In the second indictment Count II charges Elizabeth McAlister and Eqbal Ahmad with a violation of 18 U.S.C. §§ 876 and 2, and Count III charges Philip Berrigan with a violation of 18 U.S.C. §§ 876 and 2.1 Counts II and III set forth in haec verba purported language extracted from the respective letters alleged to be in violation of 18 U.S.C. § 871 with which the defendants are charged. In addition, the second indictment appends and incorporates as exhibits, copies of the text of the alleged handwritten correspondence. The issues raised in this matter focus upon the incorporation of the two communications in the second indictment and an allegation by the defendants that the two communications were offered previously to national news magazines, “such as Time and Life,” and that, “It is a reasonable inference that it was a government source that offered these documents.”

It is initially argued by the defendants that “the inclusion of the letters cannot be justified on the ground that they are' proper elements of an indictment under Rule 7(c) of the Federal Rules of Criminal Procedure.” 2

[295]*295It is defendants’ position that the incorporation of the letters exceeds the requirement that the indictment shall be a plain, concise, and definite written statement of the essential facts constituting the offense charged. The government responds that as a matter of form the requirement enunciated in Rule 7(c) has in fact been complied with, when the issue of sufficiency of the indictment is particularized to the violation charged; inter alia, transmitting through the United States mails a threatening communication.

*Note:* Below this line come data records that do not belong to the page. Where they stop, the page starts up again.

(* For all real $h,t$ with $0<h<t<1$, $$\lim_{k \to \infty} \sum_{n=0}^{\infty} B^n_k(t;h) = \frac{1-h}{t-h},$$ where the limit is over nonnegative integers $k$.
   Context: For $h\ge 0$, the $h$-Bernstein polynomials are $$B^n_k(t;h) = \binom{n}{k}\frac{\prod_{i=0}^{k-1}(t+ih)\prod_{i=0}^{n-k-1}(1-t+ih)}{\prod_{i=0}^{n-1}(1+ih)}$$ for integers $0\le k\le n$ (empty products equal $1$), and $B^n_k(t;h)=0$ for $n<k$. *)

theory Defs
  imports "HOL-Analysis.Analysis"
begin

definition hBernstein :: "nat \<Rightarrow> nat \<Rightarrow> real \<Rightarrow> real \<Rightarrow> real" where
  "hBernstein n k t h =
     (if n < k then 0
      else real (n choose k) *
           ((\<Prod>i<k. t + real i * h) * (\<Prod>i<n - k. 1 - t + real i * h))
           / (\<Prod>i<n. 1 + real i * h))"

end

theory Submission
  imports Defs
begin

(* The h-Bernstein polynomials satisfy the recurrence
     (k+1) B^(n+1)_(k+1) + (n+1-k) B^(n+1)_k = (n+1) B^n_k,
   which telescopes to
     (k+1) (SUM n<=N. B^n_(k+1)) = (k+1) (SUM n<=N. B^n_k) - (N+1) B^N_k,
   and for k = 0 one has (t-h) (SUM n<=N. B^n_0) = (1-h) - (1-t+N h) B^N_0.
   In both identities the defect is nonnegative, convergent, and at most (N+1) times
   the N-th term of a summable series; as the harmonic series diverges, it tends to 0.
   So every series SUM n. B^n_k equals (1-h)/(t-h), and the limit in k is that of a
   constant sequence. *)

lemma convergent_le_Suc_mult_summable_imp_LIMSEQ_zero:
  fixes f g :: "nat \<Rightarrow> real"
  assumes "summable f" "convergent g"
    and g_nonneg: "\<And>n. 0 \<le> g n" and g_le: "\<And>n. g n \<le> real (Suc n) * f n"
  shows "g \<longlonglongrightarrow> 0"
proof -
  from \<open>convergent g\<close> obtain L where g: "g \<longlonglongrightarrow> L"
    by (auto simp: convergent_def)
  have "L \<le> 0"
  proof (rule ccontr)
    assume "\<not> L \<le> 0"
    then have "eventually (\<lambda>n. L / 2 < g n) sequentially"
      by (intro order_tendstoD(1)[OF g]) linarith
    then have "eventually (\<lambda>n. norm (inverse (real (Suc n))) \<le> 2 / L * f n) sequentially"
    proof (rule eventually_mono)
      fix n assume "L / 2 < g n"
      with g_le[of n] \<open>\<not> L \<le> 0\<close> show "norm (inverse (real (Suc n))) \<le> 2 / L * f n"
        by (simp add: field_simps)
    qed
    then have "summable (\<lambda>n. inverse (real (Suc n)))"
      by (rule summable_comparison_test_ev) (intro summable_mult \<open>summable f\<close>)
    then show False
      using not_summable_harmonic[where 'a=real] summable_Suc_iff[of "\<lambda>n. inverse (real n)"] by simp
  qed
  moreover have "0 \<le> L"
    using g g_nonneg by (intro LIMSEQ_le_const) auto
  ultimately show ?thesis using g by simp
qed

lemma hBernstein_nonneg:
  assumes "0 \<le> h" "0 \<le> t" "t \<le> 1"
  shows "0 \<le> hBernstein n k t h"
  using assms unfolding hBernstein_def
  by (auto intro!: prod_nonneg mult_nonneg_nonneg divide_nonneg_nonneg)

lemma hBernstein_Suc_Suc:
  assumes "0 \<le> h"
  shows "real (Suc k) * (1 + real m * h) * hBernstein (Suc m) (Suc k) t h
       = real (Suc m) * (t + real k * h) * hBernstein m k t h"
proof (cases "k \<le> m")
  case True
  define A where "A = (\<Prod>i<k. t + real i * h) * (\<Prod>i<m - k. 1 - t + real i * h)"
  define D where "D = (\<Prod>i<m. 1 + real i * h)"
  have pos: "0 < 1 + real m * h" using assms by (simp add: add_pos_nonneg)
  have binom: "real (Suc k) * real (Suc m choose Suc k) = real (Suc m) * real (m choose k)"
    by (metis Suc_times_binomial_eq mult.commute of_nat_mult)
  have "hBernstein (Suc m) (Suc k) t h
      = real (Suc m choose Suc k) * (t + real k * h) * A / (D * (1 + real m * h))"
    using True by (simp add: hBernstein_def A_def D_def del: binomial_Suc_Suc)
  then have "real (Suc k) * (1 + real m * h) * hBernstein (Suc m) (Suc k) t h
      = real (Suc k) * real (Suc m choose Suc k) * (t + real k * h) * A / D"
    using pos by (simp del: binomial_Suc_Suc)
  also have "\<dots> = real (Suc m) * (t + real k * h) * (real (m choose k) * A / D)"
    by (simp only: binom) simp
  also have "real (m choose k) * A / D = hBernstein m k t h"
    using True by (simp add: hBernstein_def A_def D_def)
  finally show ?thesis .
qed (simp add: hBernstein_def)

lemma hBernstein_Suc:
  assumes "0 \<le> h"
  shows "(real m + 1 - real k) * (1 + real m * h) * hBernstein (Suc m) k t h
       = real (Suc m) * (1 - t + (real m - real k) * h) * hBernstein m k t h"
proof (cases "k \<le> m")
  case True
  define A where "A = (\<Prod>i<k. t + real i * h) * (\<Prod>i<m - k. 1 - t + real i * h)"
  define D where "D = (\<Prod>i<m. 1 + real i * h)"
  have pos: "0 < 1 + real m * h" using assms by (simp add: add_pos_nonneg)
  have binom: "(real m + 1 - real k) * real (Suc m choose k) = real (Suc m) * real (m choose k)"
  proof -
    have "real (Suc m - k) * real (Suc m choose k) = real (Suc m) * real (m choose k)"
      by (metis binomial_absorb_comp diff_Suc_1 of_nat_mult)
    moreover have "real (Suc m - k) = real m + 1 - real k"
      using True by (simp add: of_nat_diff)
    ultimately show ?thesis by simp
  qed
  have "hBernstein (Suc m) k t h
      = real (Suc m choose k) * (1 - t + (real m - real k) * h) * A / (D * (1 + real m * h))"
    using True by (simp add: hBernstein_def A_def D_def Suc_diff_le of_nat_diff del: binomial_Suc_Suc)
  then have "(real m + 1 - real k) * (1 + real m * h) * hBernstein (Suc m) k t h
      = (real m + 1 - real k) * real (Suc m choose k) * (1 - t + (real m - real k) * h) * A / D"
    using pos by (simp del: binomial_Suc_Suc)
  also have "\<dots> = real (Suc m) * (1 - t + (real m - real k) * h) * (real (m choose k) * A / D)"
    by (simp only: binom) simp
  also have "real (m choose k) * A / D = hBernstein m k t h"
    using True by (simp add: hBernstein_def A_def D_def)
  finally show ?thesis .
qed (auto simp: hBernstein_def not_le)

lemma hBernstein_recurrence:
  assumes "0 \<le> h"
  shows "real (Suc k) * hBernstein (Suc m) (Suc k) t h + (real m + 1 - real k) * hBernstein (Suc m) k t h
       = real (Suc m) * hBernstein m k t h"
proof -
  have pos: "0 < 1 + real m * h" using assms by (simp add: add_pos_nonneg)
  have "(1 + real m * h) * (real (Suc k) * hBernstein (Suc m) (Suc k) t h
          + (real m + 1 - real k) * hBernstein (Suc m) k t h)
      = real (Suc m) * ((t + real k * h) + (1 - t + (real m - real k) * h)) * hBernstein m k t h"
    using hBernstein_Suc_Suc[OF assms, of k m t] hBernstein_Suc[OF assms, of m k t]
    by (simp only: algebra_simps)
  also have "\<dots> = (1 + real m * h) * (real (Suc m) * hBernstein m k t h)"
    by (simp add: algebra_simps)
  finally show ?thesis using pos by simp
qed

lemma hBernstein_0_Suc:
  assumes "0 \<le> h"
  shows "(1 + real m * h) * hBernstein (Suc m) 0 t h = (1 - t + real m * h) * hBernstein m 0 t h"
proof -
  have "real (Suc m) * ((1 + real m * h) * hBernstein (Suc m) 0 t h)
      = real (Suc m) * ((1 - t + real m * h) * hBernstein m 0 t h)"
    using hBernstein_Suc[OF assms, of m 0 t] by (simp add: algebra_simps)
  then show ?thesis by (simp only: mult_cancel_left of_nat_eq_0_iff nat.simps simp_thms)
qed

lemma hBernstein_0_partial_sum:
  assumes "0 \<le> h"
  shows "(t - h) * (\<Sum>n\<le>N. hBernstein n 0 t h) = (1 - h) - (1 - t + real N * h) * hBernstein N 0 t h"
proof (induction N)
  case 0
  show ?case by (simp add: hBernstein_def)
next
  case (Suc N)
  with hBernstein_0_Suc[OF assms, of N t] show ?case by (simp add: algebra_simps)
qed

lemma hBernstein_Suc_partial_sum:
  assumes "0 \<le> h"
  shows "real (Suc k) * (\<Sum>n\<le>N. hBernstein n (Suc k) t h)
       = real (Suc k) * (\<Sum>n\<le>N. hBernstein n k t h) - real (Suc N) * hBernstein N k t h"
proof (induction N)
  case 0
  show ?case by (cases k) (simp_all add: hBernstein_def)
next
  case (Suc N)
  with hBernstein_recurrence[OF assms, of k N t] show ?case by (simp add: algebra_simps)
qed

lemma hBernstein_0_sums:
  assumes "0 \<le> h" "h < t" "t \<le> 1"
  shows "(\<lambda>n. hBernstein n 0 t h) sums ((1 - h) / (t - h))"
proof -
  define C where "C = (1 - h) / (t - h)"
  define w where "w N = (1 - t + real N * h) / (t - h) * hBernstein N 0 t h" for N
  have nonneg: "0 \<le> hBernstein n 0 t h" for n
    using assms by (intro hBernstein_nonneg) auto
  have partial: "(\<Sum>n\<le>N. hBernstein n 0 t h) = C - w N" for N
  proof -
    have "(\<Sum>n\<le>N. hBernstein n 0 t h) = ((1 - h) - (1 - t + real N * h) * hBernstein N 0 t h) / (t - h)"
      using hBernstein_0_partial_sum[OF \<open>0 \<le> h\<close>, of t N] \<open>h < t\<close>
      by (simp add: eq_divide_eq mult.commute)
    then show ?thesis by (simp add: C_def w_def diff_divide_distrib)
  qed
  have w_nonneg: "0 \<le> w N" for N
    unfolding w_def using assms nonneg by (intro mult_nonneg_nonneg divide_nonneg_nonneg) auto
  have "summable (\<lambda>n. hBernstein n 0 t h)"
    using nonneg partial w_nonneg by (intro bounded_imp_summable[where B = C]) auto
  then have "(\<lambda>N. C - w N) \<longlonglongrightarrow> (\<Sum>n. hBernstein n 0 t h)"
    using summable_sums[of "\<lambda>n. hBernstein n 0 t h"] by (simp add: sums_def_le partial)
  from tendsto_diff[OF tendsto_const this, of C] have "convergent w"
    by (auto simp: convergent_def)
  moreover have "w N \<le> real (Suc N) * (hBernstein N 0 t h / (t - h))" for N
  proof -
    have "1 - t + real N * h \<le> real (Suc N)"
      using assms mult_left_le[of h "real N"] by simp
    moreover have "0 \<le> hBernstein N 0 t h / (t - h)"
      using assms nonneg[of N] by simp
    ultimately show ?thesis
      unfolding w_def by (metis mult_right_mono times_divide_eq_left times_divide_eq_right)
  qed
  ultimately have "w \<longlonglongrightarrow> 0"
    using w_nonneg \<open>summable (\<lambda>n. hBernstein n 0 t h)\<close>
    by (intro convergent_le_Suc_mult_summable_imp_LIMSEQ_zero[of "\<lambda>n. hBernstein n 0 t h / (t - h)"]
        summable_divide)
  then have "(\<lambda>N. C - w N) \<longlonglongrightarrow> C"
    using tendsto_diff[OF tendsto_const, of w 0 sequentially C] by simp
  then show ?thesis
    unfolding sums_def_le partial C_def .
qed

lemma hBernstein_Suc_sums:
  assumes "0 \<le> h" "0 \<le> t" "t \<le> 1"
    and sums_k: "(\<lambda>n. hBernstein n k t h) sums C"
  shows "(\<lambda>n. hBernstein n (Suc k) t h) sums C"
proof -
  define d where "d N = real (Suc N) / real (Suc k) * hBernstein N k t h" for N
  have nonneg: "0 \<le> hBernstein n j t h" for n j
    using assms by (intro hBernstein_nonneg)
  have partial: "(\<Sum>n\<le>N. hBernstein n (Suc k) t h) = (\<Sum>n\<le>N. hBernstein n k t h) - d N" for N
    using hBernstein_Suc_partial_sum[OF \<open>0 \<le> h\<close>, of k t N]
    by (simp add: d_def field_simps del: of_nat_Suc)
  have d_nonneg: "0 \<le> d N" for N
    unfolding d_def using nonneg by simp
  have partial_k_le: "(\<Sum>n\<le>N. hBernstein n k t h) \<le> C" for N
    using sums_k nonneg by (metis sums_unique sums_summable sum_le_suminf finite_atMost)
  have "(\<Sum>n\<le>N. hBernstein n (Suc k) t h) \<le> C" for N
    using partial_k_le[of N] partial[of N] d_nonneg[of N] by linarith
  then have "summable (\<lambda>n. hBernstein n (Suc k) t h)"
    using nonneg by (intro bounded_imp_summable[where B = C])
  then have "(\<lambda>N. (\<Sum>n\<le>N. hBernstein n k t h) - d N) \<longlonglongrightarrow> (\<Sum>n. hBernstein n (Suc k) t h)"
    using summable_sums by (simp add: sums_def_le flip: partial)
  from tendsto_diff[OF sums_k[unfolded sums_def_le] this] have "convergent d"
    by (auto simp: convergent_def)
  moreover have "d N \<le> real (Suc N) * hBernstein N k t h" for N
  proof -
    have "d N = real (Suc N) * hBernstein N k t h * (1 / real (Suc k))"
      by (simp add: d_def)
    also have "\<dots> \<le> real (Suc N) * hBernstein N k t h"
      by (rule mult_left_le) (simp_all add: nonneg)
    finally show ?thesis .
  qed
  ultimately have "d \<longlonglongrightarrow> 0"
    using d_nonneg sums_summable[OF sums_k]
    by (intro convergent_le_Suc_mult_summable_imp_LIMSEQ_zero[of "\<lambda>n. hBernstein n k t h"])
  then have "(\<lambda>N. (\<Sum>n\<le>N. hBernstein n k t h) - d N) \<longlonglongrightarrow> C - 0"
    using sums_k unfolding sums_def_le by (intro tendsto_diff)
  then show ?thesis
    unfolding sums_def_le partial by simp
qed

lemma hBernstein_sums:
  assumes "0 \<le> h" "h < t" "t \<le> 1"
  shows "(\<lambda>n. hBernstein n k t h) sums ((1 - h) / (t - h))"
proof (induction k)
  case 0
  show ?case using assms by (rule hBernstein_0_sums)
next
  case (Suc k)
  show ?case using assms Suc by (intro hBernstein_Suc_sums) auto
qed

theorem mainTheorem10:
  fixes h t :: real
  assumes "0 < h" "h < t" "t < 1"
  shows "(\<forall>k. summable (\<lambda>n. hBernstein n k t h)) \<and>
         (\<lambda>k. \<Sum>n. hBernstein n k t h) \<longlonglongrightarrow> (1 - h) / (t - h)"
proof -
  have sums: "(\<lambda>n. hBernstein n k t h) sums ((1 - h) / (t - h))" for k
    using assms by (intro hBernstein_sums) auto
  have "(\<Sum>n. hBernstein n k t h) = (1 - h) / (t - h)" for k
    using sums by (rule sums_unique[symmetric])
  then show ?thesis
    using sums_summable[OF sums] by simp
qed

end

Prior to the adoption of the Federal Rules of Criminal Procedure, the common law required that in indictments charging violations of sending threatening communications, forgery or libel, the threat, the libelous comment, or the forged instrument which are the substance of the offenses must be set forth in haec verba within the indictment. Bradlaugh v. The Queen, L.R. 3 B.D. 607 (1878). These principles were often repeated in the federal courts in this and similar type cases. Bartell v. United States, 227 U.S. 427, 33 S.Ct. 383, 57 L.Ed. 583 (1913) (obscenity case); Rosen v. United States, 161 U.S. 29, 16 S.Ct. 434, 40 L.Ed. 606 (1896) (obscenity case); Durland v. United States, 161 U.S. 306, 16 S.Ct. 508, 40 L.Ed. 709 (1895) (fraud); Wilson v. United States, 275 F. 307 (2d Cir. 1921) (use of mails to defraud); United States v. Watson, 17 F. 145 (D.C.Miss.1883) (conspiracy to procure a false count of votes); United States v. Noelke, 1 F. 426 (S.D.N.Y.1880) (lottery prohibition statute), but exceptions were carved into the rule where obscene printed matter was the substance of the offense. Durland v. United States, supra; Wilson v. United States, supra; Hume v. United States, 118 F. 689 (5th Cir. 1902); United States v. French, 57 F. 382 (C.C.S.D.Mass.1893). Otherwise, it was generally said or adopted “ ‘in every kind of a crime which consists in words, if the words complained of are not set out in the indictment or information, the objection is fatal in arrest of judgment,’ ” particularly as to the substantive crime of threats. Rosen v. United States, supra, at 36, 16 S.Ct. 434; Hume v. United States, supra; Bradlaugh v. Queen, supra.

Both parties cite as authority for their respective positions the case of Keys v. United States, 126 F.2d 181 (8th Cir. 1942), in which a similar issue, although in the reverse, was decided.